WHAT IS BEING ASKED: Transcribe the following entries word for word. End with the line where "obtain n C where" appears.

RECORDS SUPPLIED:
lemma (in comm_group) has_minimax_series_imp_minimax_FactGroup:
  assumes N: "subgroup N G" and series: "has_minimax_series G N"
  shows "minimax_group (G Mod N)"
proof -
  interpret N: normal N G by (rule subgroup_imp_normal[OF N])
  obtain n C where C0: "C 0 = N" and Cn: "C n = carrier G" and C: "\<forall>i\<le>n. subgroup (C i) G"
    and factors: "\<forall>i<n. C i \<subseteq> C (Suc i) \<and>
           (chains_stabilize (\<subseteq>) (subgroup_interval G (C i) (C (Suc i))) \<or>
            chains_stabilize (\<supseteq>) (subgroup_interval G (C i) (C (Suc i))))"
    using series unfolding has_minimax_series_def by blast
  define B where "B i = (\<lambda>x. N #> x) ` C i" for i
  have N_le: "N \<subseteq> C i" if "i \<le> n" for i
    using that
  proof (induction i)
    case (Suc i)
    then have "N \<subseteq> C i" "C i \<subseteq> C (Suc i)"
      using factors by simp_all
    then show ?case by (rule order_trans)
  qed (simp add: C0)
  have Union_B: "\<Union>(B i) = C i" if "i \<le> n" for i
    unfolding B_def using C that N_le[OF that] by (simp add: N.Union_image_rcos)
  have "(\<lambda>x. N #> x) ` N = (\<lambda>_. N) ` N"
    using N.rcos_const[OF is_group] by (intro image_cong) auto
  also have "\<dots> = {N}"
    using N.one_closed by (rule image_constant)
  finally have B0: "B 0 = {\<one>\<^bsub>G Mod N\<^esub>}"
    by (simp add: B_def C0)
  have Bn: "B n = carrier (G Mod N)"
    unfolding B_def Cn by (simp add: carrier_FactGroup)
  have B: "\<forall>i\<le>n. subgroup (B i) (G Mod N)"
    unfolding B_def using C by (auto intro: N.subgroup_image_rcos)
  have B_factors: "\<forall>i<n. B i \<subseteq> B (Suc i) \<and>
           (noetherian_group (((G Mod N)\<lparr>carrier := B (Suc i)\<rparr>) Mod (B i)) \<or>
            artinian_group (((G Mod N)\<lparr>carrier := B (Suc i)\<rparr>) Mod (B i)))"
  proof (intro allI impI)
    fix i assume i: "i < n"
    then have Bi: "subgroup (B i) (G Mod N)" "subgroup (B (Suc i)) (G Mod N)" "B i \<subseteq> B (Suc i)"
      using B factors unfolding B_def by (simp_all add: image_mono)
    have "chains_stabilize (\<subseteq>) (subgroup_interval G (C i) (C (Suc i))) \<or>
          chains_stabilize (\<supseteq>) (subgroup_interval G (C i) (C (Suc i)))"
      using factors i by blast
    then show "B i \<subseteq> B (Suc i) \<and>
           (noetherian_group (((G Mod N)\<lparr>carrier := B (Suc i)\<rparr>) Mod (B i)) \<or>
            artinian_group (((G Mod N)\<lparr>carrier := B (Suc i)\<rparr>) Mod (B i)))"
      using Bi(3) FactGroup_factor_chains_iff[OF N Bi] Union_B[of i] Union_B[of "Suc i"] i
      by simp
  qed
  show ?thesis
    unfolding minimax_group_def
    by (intro exI[of _ n] exI[of _ B] conjI) (fact B0 Bn B B_factors)+
qed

RESPONSE AREA:
lemma (in comm_group) has_minimax_series_imp_minimax_FactGroup:
  assumes N: "subgroup N G" and series: "has_minimax_series G N"
  shows "minimax_group (G Mod N)"
proof -
  interpret N: normal N G by (rule subgroup_imp_normal[OF N])
  obtain n C where C0: "C 0 = N" and Cn: "C n = carrier G" and C: "\<forall>i\<le>n. subgroup (C i) G"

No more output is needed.